Yadav Sharda, Kc Sanjaya, Blaskovich Mark A T, Lu Cu-Tai, Lam Alfred K, Nguyen Nam-Trung
Queensland Micro- and Nanotechnology Centre, Nathan Campus, Griffith University, Brisbane, QLD, 4111, Australia.
Institute of Molecular Bioscience, The University of Queensland, St Lucia, QLD, 4067, Australia.
Adv Biol (Weinh). 2025 Aug;9(8):e2400626. doi: 10.1002/adbi.202400626. Epub 2025 Jan 30.
Colorectal cancer (CRC) remains a leading cause of cancer-related deaths, creating an urgent need for innovative diagnostic solutions.

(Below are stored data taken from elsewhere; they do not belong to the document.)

lemma fst_supp_coupling:
  assumes "coupling m n p q P" and "\<forall>i<m. 0 < p i"
  shows "fst ` supp m n P = {..<m}"
proof
  show "fst ` supp m n P \<subseteq> {..<m}"
    by (auto simp: supp_def)
  show "{..<m} \<subseteq> fst ` supp m n P"
  proof
    fix i
    assume "i \<in> {..<m}"
    then have "(\<Sum>j<n. P i j) \<noteq> 0"
      using assms by (auto simp: coupling_def)
    then obtain j where "j < n" "P i j \<noteq> 0"
      by (meson lessThan_iff sum.neutral)
    then show "i \<in> fst ` supp m n P"
      using \<open>i \<in> {..<m}\<close> by (force simp: supp_def)
  qed
qed

lemma snd_supp_coupling:
  assumes "coupling m n p q P" and "\<forall>j<n. 0 < q j"
  shows "snd ` supp m n P = {..<n}"
  using fst_supp_coupling[OF coupling_transp[OF assms(1)] assms(2)]
  by (simp add: supp_transp image_image)

theorem lemma2p2:
  fixes m n :: nat and p q :: "nat \<Rightarrow> real" and P :: "nat \<Rightarrow> nat \<Rightarrow> real"
  assumes "2 \<le> m" and "2 \<le> n"
    and "\<forall>i<m. 0 < p i" and "(\<Sum>i<m. p i) = 1"
    and "\<forall>j<n. 0 < q j" and "(\<Sum>j<n. q j) = 1"
    and "coupling m n p q P"
    and "local_optimal m n P"
    and "is_tree (supp m n P)"
  shows "card (supp m n P) = m + n - 1"
proof -
  let ?S = "supp m n P"
  have "finite ?S"
    by (rule finite_subset[of _ "{..<m} \<times> {..<n}"]) (auto simp: supp_def)
  have rows: "fst ` ?S = {..<m}"
    using fst_supp_coupling[OF assms(7,3)] .
  have cols: "snd ` ?S = {..<n}"
    using snd_supp_coupling[OF assms(7,5)] .
  have "?S \<noteq> {}"
    using rows \<open>2 \<le> m\<close> by (metis image_empty lessThan_empty_iff not_numeral_le_zero)
  then show ?thesis
    using card_le_card_fst_snd_if_no_circuit[OF \<open>finite ?S\<close>]
      card_fst_snd_le_if_connected[OF \<open>finite ?S\<close>] \<open>is_tree ?S\<close>
    unfolding is_tree_def rows cols by fastforce
qed

end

Mechanobiology, a cutting-edge field that investigates how physical forces influence cell behavior, is now revealing new insights into cancer progression. This research focuses on two crucial players: RhoA and Rac1, small yet powerful proteins that regulate the structure and movement of cancer cells. RhoA controls cell adhesion and migration, while Rac1 drives cell movement and invasion. As CRC tumors grow and reshape the colon's mechanical environment, these pathways become disrupted, accelerating cancer progression. Examining the level of RhoA and Rac1 in CRC clinical samples under mechanical strain reveals their potential as diagnostic markers. Tracking the activity of these proteins can unlock valuable insights into cancer cell dissemination, offering new avenues for understanding and diagnosing CRC. This approach holds promise for earlier detection and better outcomes by offering key insights for more effective diagnostic strategies.
结直肠癌(CRC)仍然是癌症相关死亡的主要原因,因此迫切需要创新的诊断解决方案。机械生物学是一个前沿领域,研究物理力如何影响细胞行为,现在它正在揭示癌症进展的新见解。这项研究聚焦于两个关键因素:RhoA和Rac1,这两种虽小但功能强大的蛋白质,它们调节癌细胞的结构和运动。RhoA控制细胞黏附和迁移,而Rac1驱动细胞运动和侵袭。随着CRC肿瘤的生长并重塑结肠的机械环境,这些信号通路会被破坏,从而加速癌症进展。在机械应变下检测CRC临床样本中RhoA和Rac1的水平,揭示了它们作为诊断标志物的潜力。追踪这些蛋白质的活性可以为癌细胞扩散提供有价值的见解,为理解和诊断CRC提供新途径。这种方法有望通过为更有效的诊断策略提供关键见解,实现更早的检测和更好的治疗效果。